Ieri sera (3 febbraio 1865) alle dieci e mezza giungeva a Firenze il Re d’Italia. La notizia, diffusasi circa in mezzogiorno del suo arrivo era volata di bocca in bocca colla rapidità del lampo, e l’animo dei cittadini tutti era diviso fra la gioia di rivedere nelle nostre mura l’Eletto del popolo, e il pensiero delle sospicate cagioni di questo lieti si, ma inaspettato avvenimento. […] La Guardi Nazionale era accorsa numerosissima sotto le armi, e un indicibile concorso di popolo, malgrado  l’ora tarda e la stagione minacciosa, era accalcato nella Piazza Vecchia (oggi piazza dell’Unità), e lungo le vie che doveva percorrere il corteggio reale.
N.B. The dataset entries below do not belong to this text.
(* Let $f\colon\mathbb{R}^n\to\mathbb{R}$ be a strictly convex quadratic function, $f(x)=\tfrac12x^TAx+b^Tx+c$ with $A$ symmetric positive definite, with unique minimizer $x^*$. Then the linesearch-free BFGS method, started from any $x_0\in\mathbb{R}^n$ and any symmetric positive definite $H_0$, generates iterates converging to $x^*$.
   Context: The unit-step BFGS update at a point $x$ with $g=\nabla f(x)\ne 0$ maps a symmetric positive definite $H$ to $H_+=VHV^T+\frac{ss^T}{s^Ty}$, where $s=-Hg$, $x_+=x+s$, $y=\nabla f(x_+)-g$, $V=I-\frac{sy^T}{s^Ty}$. The linesearch-free BFGS method: given the current iterate $x_k$ and matrix $H$, compute $s=-H\nabla f(x_k)$, replace $H$ by its unit-step BFGS update at $x_k$, and set $x_{k+1}=x_k+s$ if $f(x_k+s)<f(x_k)$, and $x_{k+1}=x_k$ otherwise; repeat. (If an iterate equals the minimizer, the gradient vanishes and the method stops there.) *)

theory Defs
  imports "HOL-Analysis.Analysis"
begin

definition outer :: "real^'n \<Rightarrow> real^'n \<Rightarrow> real^'n^'n" where
  "outer u v = (\<chi> i j. u $ i * v $ j)"

definition bfgs_update ::
  "(real^'n \<Rightarrow> real^'n) \<Rightarrow> real^'n \<Rightarrow> real^'n^'n \<Rightarrow> real^'n^'n" where
  "bfgs_update grad x H =
     (let g = grad x; s = - (H *v g); y = grad (x + s) - g;
          V = mat 1 - (1 / (s \<bullet> y)) *\<^sub>R outer s y
      in V ** H ** transpose V + (1 / (s \<bullet> y)) *\<^sub>R outer s s)"

definition lf_bfgs_step ::
  "(real^'n \<Rightarrow> real) \<Rightarrow> (real^'n \<Rightarrow> real^'n) \<Rightarrow> (real^'n) \<times> (real^'n^'n) \<Rightarrow> (real^'n) \<times> (real^'n^'n)" where
  "lf_bfgs_step f grad st =
     (let x = fst st; H = snd st; g = grad x; s = - (H *v g)
      in if g = 0 then st
         else ((if f (x + s) < f x then x + s else x), bfgs_update grad x H))"

primrec lf_bfgs ::
  "(real^'n \<Rightarrow> real) \<Rightarrow> (real^'n \<Rightarrow> real^'n) \<Rightarrow> real^'n \<Rightarrow> real^'n^'n \<Rightarrow> nat \<Rightarrow> (real^'n) \<times> (real^'n^'n)" where
  "lf_bfgs f grad x0 H0 0 = (x0, H0)"
| "lf_bfgs f grad x0 H0 (Suc k) = lf_bfgs_step f grad (lf_bfgs f grad x0 H0 k)"

end

theory Submission
  imports Defs
begin

text \<open>Factor A = C C^T. In the coordinates z = C^T (x - xstar), T = C^T H C the method
  becomes the linesearch-free BFGS method for norm z ^ 2 / 2, whose update reads
  T' = P T P + s s^T / (s^T s) with P the orthogonal projection onto the complement of s.
  Hence E = T - I satisfies E' = P E P, so the squared Frobenius norm of E drops by at least
  norm (E s) ^ 2 / norm s ^ 2 in every step and these relative errors are summable. The
  updates keep T symmetric with a uniform lower bound mu on its spectrum; once
  norm (E s) \<le> mu / 4 * norm s, the unit step s = - T z is accepted and contracts z by a
  factor 1/3, so z converges to 0 geometrically.\<close>

section \<open>Outer products and matrix algebra\<close>

text \<open>Keep transpose C *v x in this form; the default simp rule rewrites it to x v* C.\<close>
declare transpose_matrix_vector [simp del]

lemma outer_mult_vec: "outer u v *v w = (v \<bullet> w) *\<^sub>R u"
  by (simp add: outer_def vec_eq_iff matrix_vector_mult_def inner_vec_def sum_distrib_left mult_ac)

lemma outer_zero [simp]: "outer 0 v = 0" "outer u 0 = 0"
  by (simp_all add: outer_def vec_eq_iff)

lemma matrix_mult_outer: "M ** outer u v = outer (M *v u) v"
  by (simp add: outer_def vec_eq_iff matrix_matrix_mult_def matrix_vector_mult_def sum_distrib_right)
     (simp add: sum_distrib_left algebra_simps)

lemma outer_mult_matrix: "outer u v ** M = outer u (transpose M *v v)"
  by (simp add: outer_def vec_eq_iff matrix_matrix_mult_def matrix_vector_mult_def transpose_def
      sum_distrib_left mult_ac)

lemma transpose_outer: "transpose (outer u v) = outer v u"
  by (simp add: outer_def vec_eq_iff transpose_def mult_ac)

lemma trace_outer: "trace (outer u v) = u \<bullet> v"
  by (simp add: outer_def trace_def inner_vec_def)

lemma outer_mult_outer: "outer a b ** outer c d = (b \<bullet> c) *\<^sub>R outer a d"
  by (simp add: outer_def vec_eq_iff matrix_matrix_mult_def inner_vec_def sum_distrib_left
      sum_distrib_right mult_ac)

lemma inner_matrix_vector_transpose: "x \<bullet> ((M::real^'n^'m) *v y) = (transpose M *v x) \<bullet> y"
  using dot_lmul_matrix[of x M y] by (simp add: transpose_matrix_vector)

lemma inner_sym_matrix_vector:
  "transpose M = M \<Longrightarrow> x \<bullet> ((M::real^'n^'n) *v y) = y \<bullet> (M *v x)"
  by (metis inner_commute inner_matrix_vector_transpose)

lemma matrix_vector_mult_minus: "(M::real^'n^'m) *v (- x) = - (M *v x)"
  by (simp add: vec_eq_iff matrix_vector_mult_def sum_negf)

lemma trace_scaleR: "trace (k *\<^sub>R (M::real^'n^'n)) = k * trace M"
  by (simp add: trace_def sum_distrib_left)

lemma matrix_mult_scaleR_left: "(k *\<^sub>R (M::real^'n^'m)) ** (N::real^'p^'n) = k *\<^sub>R (M ** N)"
  by (simp add: vec_eq_iff matrix_matrix_mult_def sum_distrib_left mult_ac)

lemma matrix_mult_scaleR_right: "(M::real^'n^'m) ** (k *\<^sub>R (N::real^'p^'n)) = k *\<^sub>R (M ** N)"
  by (simp add: vec_eq_iff matrix_matrix_mult_def sum_distrib_left mult_ac)

lemma matrix_add_rdistrib: "((A::real^'n^'m) + B) ** (C::real^'p^'n) = A ** C + B ** C"
  by (simp add: vec_eq_iff matrix_matrix_mult_def algebra_simps sum.distrib)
Quando fu segnalato l’appressarsi del convoglio, un immenso grido di plauso salutò l’arrivo […] Oh quante cose voleva dire quel grido unanime e solenne! […] Voleva dire che l’animo di Vittorio Emanuele doveva trovare nella nostra giuliva accoglienza un conforto alle amarezze che affliggono il suo cuore di amico e di padre per tutti quanti gli italiani. […] S.M. ha salutato tutte le autorità, i ragguardevoli personaggi accorsi ad ossequiarlo, fra i quali il senatore Gino Capponi, cui ha stretto cordialmente la mano, dicendo al venerando vecchio d’esser lieto di trovare al suo arrivo il più virtuoso cittadino di Firenze. La fisionomia dell’ottimo Re era mesta ma serena: vi si leggeva fra i segni delle recenti sofferenze la coscienza di aver sempre meritato l’affetto e la gratitudine di tutti gli italiani. Le carrozze del seguito reale uscirono dalla stazione, e il Re, che sedeva nella seconda carrozza, si trovò in mezzo al suo popolo che lo acclamava festosamente e alla luce di moltissimi torcetti l’ha accompagnato fino a Palazzo Pitti. Fu un plauso continuato dalla stazione alla Reggia, per tutte le vie le cui case erano state in fretta illuminate e adorne di bandiere nazionali. Sulla pizza Pitti la folla era straordinaria: acclamò il Re al suo ingresso nel palazzo e quindi con fragorosi ed entusiastici applausi chiese di vederlo sul balcone. Sua Maestà appagò il desiderio popolare ed uscì a scambiare col popolo fiorentino un saluto affettuoso.
(Da La Nazione del 7 febbraio 1865 – Testo ripreso da Storia e Storie della Toscana)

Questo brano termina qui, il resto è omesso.